At a pivotal moment in Africa’s energy journey, civil society leaders, technical experts, private sector actors, and development finance institutions convened at a high-level side event titled “Energy4Real: How Civil Society Can Engage to Ensure Mission 300 Delivers on Energy Access in Africa”, held on the margins of the African Development Bank’s Annual Meetings in Abidjan.
Co-hosted by the African Coalition for Sustainable Energy and Access (ACSEA), the Pan-African Climate Justice Alliance (PACJA), and the Bank-Civil Society Coalition on Climate Change and Energy, the event produced a bold and unified communiqué, asserting civil society’s critical role in delivering a truly transformative energy future for the continent.
Reaffirming the Urgency and Redefining the Approach
Mission 300’s goal of connecting 300 million people in sub-Saharan Africa to electricity by 2030 is a commendable ambition. However, participants emphasised that infrastructure alone does not equal impact. Without deliberate, institutionalised civil society engagement, the initiative risks repeating past top-down energy models that marginalised communities, reinforced inequities, and failed to deliver long-term change.
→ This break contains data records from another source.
(* Let $1<p_0<\infty$, $\vec p=(p_1,\dots,p_n)$ with $1<p_i<\infty$, and $\frac{n}{p_0}<\sum_{i=1}^n\frac1{p_i}$. Let $f\in\mathcal{B}^{p_0'}_{\vec p\,'}(\mathbb{R}^n)$. Then $f$ can be written as $$f=\sum_{Q\in\mathcal D}\lambda_Q b_Q,$$ where each $\lambda_Q\ge0$ with $\sum_{Q\in\mathcal D}\lambda_Q\le 2\cdot 3^n\|f\|_{\mathcal{B}^{p_0'}_{\vec p\,'}(\mathbb{R}^n)}$, and each $b_Q$ is a $(p_0',\vec p\,')$-block associated with the cube $3Q$, i.e. $\operatorname{supp} b_Q\subset 3Q$ and $\|b_Q\|_{L^{\vec p\,'}(\mathbb{R}^n)}\le|3Q|^{\frac1{p_0}-\frac1n\sum_{i=1}^n\frac1{p_i}}$.
   Context: $L^{\vec q}(\mathbb{R}^n)$ denotes the mixed-norm Lebesgue space with norm $\|f\|_{L^{\vec q}}=\big(\int_{\mathbb{R}}\cdots(\int_{\mathbb{R}}|f|^{q_1}dx_1)^{q_2/q_1}\cdots dx_n\big)^{1/q_n}$; $\vec p\,'=(p_1',\dots,p_n')$ with $1/p_i+1/p_i'=1$, and $p_0'$ is the conjugate of $p_0$. Cubes have sides parallel to the axes; $Q(x,r)$ is the open cube with center $x$ and side length $r$, and $cQ(x,r)=Q(x,cr)$. A measurable function $b$ is a $(p_0',\vec p\,')$-block if there is a cube $Q$ with $\operatorname{supp}b\subset Q$ and $\|b\|_{L^{\vec p\,'}(\mathbb{R}^n)}\le|Q|^{\frac1{p_0}-\frac1n\sum_{i=1}^n\frac1{p_i}}$. The block space $\mathcal{B}^{p_0'}_{\vec p\,'}(\mathbb{R}^n)$ consists of measurable functions $f=\sum_{i=1}^\infty\lambda_ib_i$ (series converging in $L^1_{\mathrm{loc}}$ and a.e.) with $\{\lambda_i\}\in\ell^1$ and each $b_i$ a $(p_0',\vec p\,')$-block, normed by $\|f\|_{\mathcal{B}^{p_0'}_{\vec p\,'}}=\inf\|\{\lambda_i\}\|_{\ell^1}$ over all such decompositions. $\mathcal D=\bigcup_{k\in\mathbb Z}\{2^{-k}(m+[0,1)^n):m\in\mathbb Z^n\}$ is the family of dyadic cubes. *)

theory Defs
  imports "HOL-Analysis.Analysis"
begin

definition enn_powr :: "ennreal \<Rightarrow> real \<Rightarrow> ennreal" where
  "enn_powr e a = (if e = \<infinity> then \<infinity> else ennreal (enn2real e powr a))"

definition conj_exp :: "real \<Rightarrow> real" where
  "conj_exp p = p / (p - 1)"

definition coord_upd :: "real^'n \<Rightarrow> 'n \<Rightarrow> real \<Rightarrow> real^'n" where
  "coord_upd x i t = (\<chi> j. if j = i then t else x $ j)"

definition mixed_step :: "('n::finite \<Rightarrow> real) \<Rightarrow> 'n \<Rightarrow> (real^'n \<Rightarrow> ennreal) \<Rightarrow> (real^'n \<Rightarrow> ennreal)" where
  "mixed_step q i g = (\<lambda>x. enn_powr (\<integral>\<^sup>+ t. enn_powr (g (coord_upd x i t)) (q i) \<partial>lborel) (1 / q i))"

text \<open>Mixed-norm Lebesgue norm: integrate first in the smallest coordinate
  (x_1), then the next one, ..., finally in the largest (x_n).  The result of
  the iteration no longer depends on the point, we evaluate it at 0.\<close>
definition mixed_norm :: "('n::{finite,linorder} \<Rightarrow> real) \<Rightarrow> (real^('n::{finite,linorder}) \<Rightarrow> real) \<Rightarrow> ennreal" where
  "mixed_norm q f =
     fold (mixed_step q) (sorted_list_of_set (UNIV :: 'n set)) (\<lambda>x. ennreal \<bar>f x\<bar>) 0"

definition open_cube :: "real^'n \<Rightarrow> real \<Rightarrow> (real^'n) set" where
  "open_cube c r = {y. \<forall>i. \<bar>y $ i - c $ i\<bar> < r / 2}"

definition block_exp :: "real \<Rightarrow> ('n::finite \<Rightarrow> real) \<Rightarrow> real" where
  "block_exp p0 p = 1 / p0 - (1 / real CARD('n)) * (\<Sum>i\<in>UNIV. 1 / p i)"

definition block_on :: "real \<Rightarrow> ('n::{finite,linorder} \<Rightarrow> real) \<Rightarrow> (real^('n::{finite,linorder})) set \<Rightarrow> (real^('n::{finite,linorder}) \<Rightarrow> real) \<Rightarrow> bool" where
  "block_on p0 p Q b \<longleftrightarrow>
     b \<in> borel_measurable borel \<and>
     {x. b x \<noteq> 0} \<subseteq> Q \<and>
     mixed_norm (\<lambda>i. conj_exp (p i)) b \<le> ennreal (measure lborel Q powr block_exp p0 p)"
The communiqué affirms that energy access must be people-centred, rights-based, and accountable, anchored in inclusivity, transparency, and local ownership.
Key Outcomes and Demands
Participants issued the following key recommendations to the African Development Bank, the World Bank, and other stakeholders:
- Adopt the “From Margins to Mandate” Framework
The four-pillar framework provides a clear, actionable pathway for embedding civil society in the governance and delivery of Mission 300:
Governance and Representation
Programmatic Co-Implementation
Monitoring, Evaluation, and Learning
Advocacy and Policy Influence
- Redefine Partnerships
Move beyond conventional Public-Private Partnerships (PPPs) toward Public-Private-Community Partnerships (PPCPs), a model that values communities not as beneficiaries, but as full partners in design, delivery, and oversight.
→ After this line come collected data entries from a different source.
(* Let $\lambda \geq 0$, $0 \leq \gamma \leq 1$, $0\leq \beta<1$, $\tau \in \mathbb{C}\setminus\{0\}$, $\delta \in \mathbb{N}_0=\{0,1,2,\dots\}$ and $m \in \mathbb{N}$. Let $f(z)=z+\sum_{k=1}^{\infty} a_{mk+1}z^{mk+1}$ belong to the class $\Theta_{\Sigma_m}(\tau,\lambda,\gamma,\delta;\beta)$. Then $$|a_{m+1}| \leq \min\left\{\frac{2|\tau|(1-\beta)}{(\delta+1)\left(1+m(\lambda+\gamma)+\lambda\gamma\left((m+1)^2+1\right)\right)},\ 2\sqrt{\frac{2|\tau|(1-\beta)}{(\delta+1)(\delta+2)(m+1)\Phi_1(\lambda,\gamma,m)}}\right\}$$ and $$|a_{2m+1}| \leq \frac{4|\tau|(1-\beta)}{(\delta+1)(\delta+2)\left(1+2(\lambda+\gamma)m+\lambda\gamma\left((2m+1)^2+1\right)\right)},$$ where $\Phi_1(\lambda,\gamma,m)=1+2(\lambda+\gamma)m+\lambda\gamma\left((2m+1)^2+1\right)$.
   Context: Let $\mathbb{U}=\{z\in\mathbb{C}:|z|<1\}$ and $m\in\mathbb{N}$. $\mathcal{A}_m$ denotes the class of functions analytic in $\mathbb{U}$ of the form $f(z)=z+\sum_{k=1}^{\infty}a_{mk+1}z^{mk+1}$. $\Sigma_m$ denotes the class of $m$-fold symmetric bi-univalent functions: functions $f\in\mathcal{A}_m$ univalent in $\mathbb{U}$ whose inverse $f^{-1}$ extends to a univalent function $g$ on $\mathbb{U}$; this $g$ has the expansion $g(w)=w-a_{m+1}w^{m+1}+\left[(m+1)a_{m+1}^2-a_{2m+1}\right]w^{2m+1}-\cdots$. For $\delta\in\mathbb{N}_0$ and $h(z)=z+\sum_{k\ge1}c_{mk+1}z^{mk+1}$ analytic in $\mathbb{U}$, the $m$-fold Ruscheweyh derivative is $\mathcal{R}^\delta h(z)=z+\sum_{k=1}^{\infty}\frac{\Gamma(\delta+k+1)}{\Gamma(k+1)\Gamma(\delta+1)}c_{mk+1}z^{mk+1}$. For such $h$ and parameters $\lambda,\gamma,\tau\neq0,\delta$, put $$J_h(z)=1+\frac{1}{\tau}\Big[(1-\lambda)(1-\gamma)\frac{\mathcal{R}^\delta h(z)}{z}+(\lambda(\gamma+1)+\gamma)(\mathcal{R}^\delta h)'(z)+\lambda\gamma\big(z(\mathcal{R}^\delta h)''(z)-2\big)-1\Big].$$ For $0\le\beta<1$, $\Theta_{\Sigma_m}(\tau,\lambda,\gamma,\delta;\beta)$ is the set of $f\in\Sigma_m$ such that $\operatorname{Re}J_f(z)>\beta$ for all $z\in\mathbb{U}$ and $\operatorname{Re}J_g(w)>\beta$ for all $w\in\mathbb{U}$, where $g$ is the extension of $f^{-1}$ to $\mathbb{U}$. *)

theory Defs
  imports "HOL-Analysis.Analysis"
begin

definition tcoef :: "(complex \<Rightarrow> complex) \<Rightarrow> nat \<Rightarrow> complex" where
  "tcoef h n = (deriv ^^ n) h 0 / of_nat (fact n)"

text \<open>The class A_m: analytic in the unit disc, normalised, with Taylor expansion
  z + sum over k of a_(mk+1) z^(mk+1) (all other coefficients vanish).\<close>
definition A_m :: "nat \<Rightarrow> (complex \<Rightarrow> complex) \<Rightarrow> bool" where
  "A_m m h \<longleftrightarrow> h holomorphic_on ball 0 1 \<and> h 0 = 0 \<and> tcoef h 1 = 1 \<and>
     (\<forall>n. n mod m \<noteq> 1 mod m \<longrightarrow> tcoef h n = 0)"

definition inv_ext :: "(complex \<Rightarrow> complex) \<Rightarrow> (complex \<Rightarrow> complex) \<Rightarrow> bool" where
  "inv_ext f g \<longleftrightarrow> g holomorphic_on ball 0 1 \<and> inj_on g (ball 0 1) \<and>
     (\<forall>z\<in>ball 0 1. f z \<in> ball 0 1 \<longrightarrow> g (f z) = z)"

definition Sigma_m :: "nat \<Rightarrow> (complex \<Rightarrow> complex) \<Rightarrow> bool" where
  "Sigma_m m f \<longleftrightarrow> A_m m f \<and> inj_on f (ball 0 1) \<and> (\<exists>g. inv_ext f g)"

text \<open>The m-fold Ruscheweyh derivative divided by z, i.e.
  1 + sum_k Gamma(delta+k+1)/(Gamma(k+1) Gamma(delta+1)) c_(mk+1) z^(mk);
  for natural delta the Gamma quotient equals (delta+k choose k).\<close>
definition rusch_quot :: "nat \<Rightarrow> nat \<Rightarrow> (complex \<Rightarrow> complex) \<Rightarrow> complex \<Rightarrow> complex" where
  "rusch_quot m \<delta> h z = 1 + (\<Sum>k. of_nat ((\<delta> + Suc k) choose (Suc k)) * tcoef h (m * Suc k + 1) * z ^ (m * Suc k))"

definition rusch :: "nat \<Rightarrow> nat \<Rightarrow> (complex \<Rightarrow> complex) \<Rightarrow> complex \<Rightarrow> complex" where
  "rusch m \<delta> h z = z * rusch_quot m \<delta> h z"

definition J_fun :: "nat \<Rightarrow> complex \<Rightarrow> real \<Rightarrow> real \<Rightarrow> nat \<Rightarrow> (complex \<Rightarrow> complex) \<Rightarrow> complex \<Rightarrow> complex" where
  "J_fun m \<tau> lam \<gamma> \<delta> h z = 1 + (1 / \<tau>) *
     (of_real ((1 - lam) * (1 - \<gamma>)) * rusch_quot m \<delta> h z
      + of_real (lam * (\<gamma> + 1) + \<gamma>) * deriv (rusch m \<delta> h) z
      + of_real (lam * \<gamma>) * (z * deriv (deriv (rusch m \<delta> h)) z - 2) - 1)"

definition Theta :: "nat \<Rightarrow> complex \<Rightarrow> real \<Rightarrow> real \<Rightarrow> nat \<Rightarrow> real \<Rightarrow> (complex \<Rightarrow> complex) \<Rightarrow> bool" where
  "Theta m \<tau> lam \<gamma> \<delta> \<beta> f \<longleftrightarrow> Sigma_m m f \<and>
     (\<exists>g. inv_ext f g \<and>
        (\<forall>z\<in>ball 0 1. Re (J_fun m \<tau> lam \<gamma> \<delta> f z) > \<beta>) \<and>
        (\<forall>w\<in>ball 0 1. Re (J_fun m \<tau> lam \<gamma> \<delta> g w) > \<beta>))"

definition Phi1 :: "real \<Rightarrow> real \<Rightarrow> nat \<Rightarrow> real" where
  "Phi1 lam \<gamma> m = 1 + 2 * (lam + \<gamma>) * real m + lam * \<gamma> * ((2 * real m + 1)^2 + 1)"

end

theory Submission
  imports Defs "HOL-Complex_Analysis.Complex_Analysis"
begin

text \<open>For analytic
  \<open>h\<close>, \<open>J\<^sub>h\<close> is analytic with \<open>J\<^sub>h(0) = 1\<close>, and its Taylor coefficient at \<open>n = m k\<close> is
  \<open>W(n) / \<tau>\<close> times \<open>(\<delta> + k choose k)\<close> times the coefficient of \<open>z\<^sup>n\<^sup>+\<^sup>1\<close> in \<open>h\<close>; by
  Caratheodory's lemma each such coefficient has modulus at most \<open>2 (1 - \<beta>)\<close>. Writing
  \<open>a\<close>, \<open>c\<close> for the coefficients of \<open>z\<^sup>m\<^sup>+\<^sup>1\<close> and \<open>z\<^sup>2\<^sup>m\<^sup>+\<^sup>1\<close> in \<open>f\<close>, comparing coefficients in
  \<open>g (f z) = z\<close> shows that \<open>g\<close> has \<open>(m + 1) a\<^sup>2 - c\<close> as its coefficient of \<open>z\<^sup>2\<^sup>m\<^sup>+\<^sup>1\<close>. The
  estimates for \<open>f\<close> at \<open>n = m\<close> and \<open>n = 2 m\<close> bound \<open>a\<close> and \<open>c\<close>; adding the estimates for \<open>c\<close>
  and \<open>(m + 1) a\<^sup>2 - c\<close> bounds \<open>(m + 1) a\<^sup>2\<close>, which gives the square-root bound.\<close>

lemma circlepath_0_cis: "circlepath 0 r t = of_real r * cis (2 * pi * t)"
  by (simp add: circlepath cis_conv_exp mult_ac)
(* Let $k\ge2$, $0<a<1$, $d\ge2$, and let $\{\eta_n\}_{n\ge0}\subset\mathbb{C}\setminus\{0\}$ satisfy $|\eta_n|\le a^{d^n}$ for all $n\ge0$. Let \[ F_n(z_1,\dots,z_k)=(\eta_n z_k,\ z_2^d+\eta_n z_1,\ z_3^d+\eta_n z_2,\ \dots,\ z_k^d+\eta_n z_{k-1}), \] $F(n)=F_n\circ\cdots\circ F_0$, and $\Omega_{\{F_n\}}=\{z\in\mathbb{C}^k: F(n)(z)\to0 \text{ as } n\to\infty\}$. Then: (i) $\Omega_{\{F_n\}}$ is a non-empty open connected set; (ii) $\Omega_{\{F_n\}}=\bigcup_{j\ge1}\Omega_j$ with $\Omega_j\subset\Omega_{j+1}$ and each $\Omega_j$ biholomorphic to the unit ball $B^k(0;1)$; (iii) the infinitesimal Kobayashi metric on $\Omega_{\{F_n\}}$ vanishes identically; (iv) there exists a plurisubharmonic function $\phi:\mathbb{C}^k\to[\log a,\infty)$ such that $\Omega_{\{F_n\}}=\{z\in\mathbb{C}^k:\phi(z)<0\}$. *)

theory Defs
  imports "HOL-Analysis.Analysis"
begin

text \<open>Points of C^k are vectors of type complex^('k::{finite,linorder}), where the index type 'k is a finite
linear order with CARD('k) = k; its elements in increasing order play the role of the
coordinate indices 1, ..., k.\<close>

definition first_idx :: "'k::{finite,linorder}" where
  "first_idx = Min UNIV"

definition last_idx :: "'k::{finite,linorder}" where
  "last_idx = Max UNIV"

definition pred_idx :: "'k::{finite,linorder} \<Rightarrow> 'k" where
  "pred_idx i = Max {j. j < i}"

definition Fmap :: "complex \<Rightarrow> nat \<Rightarrow> complex^('k::{finite,linorder}) \<Rightarrow> complex^('k::{finite,linorder})" where
  "Fmap eta d z = (\<chi> i. if i = first_idx then eta * z $ last_idx
                        else (z $ i) ^ d + eta * z $ (pred_idx i))"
- Leverage Alignment with the Six30 Campaign
With a shared vision of connecting 630 million Africans through $630 billion in financing by 2030, the alignment between Mission 300 and the Six30 Campaign offers a strategic opportunity to centre justice, inclusion, and grassroots innovation.
- Operationalise Inclusion
The communiqué calls for:
Dedicated financing for gender-responsive and pro-poor CSO initiatives
Independent citizen audits and transparent grievance redress mechanisms
Structured participation of women, youth, and marginalised groups at all stages of the project cycle
A Vision for Real, Lasting Energy Access
“We envision an Africa where energy is not a privilege, but a right. Where no woman walks miles for firewood, where children study under light, and where electricity powers not only homes, but opportunity, equity, and dignity.”
This communiqué is a collective call to ensure that Mission 300 delivers Energy for Real, not just more connections, but lasting transformation rooted in social justice, community ownership, and democratic accountability.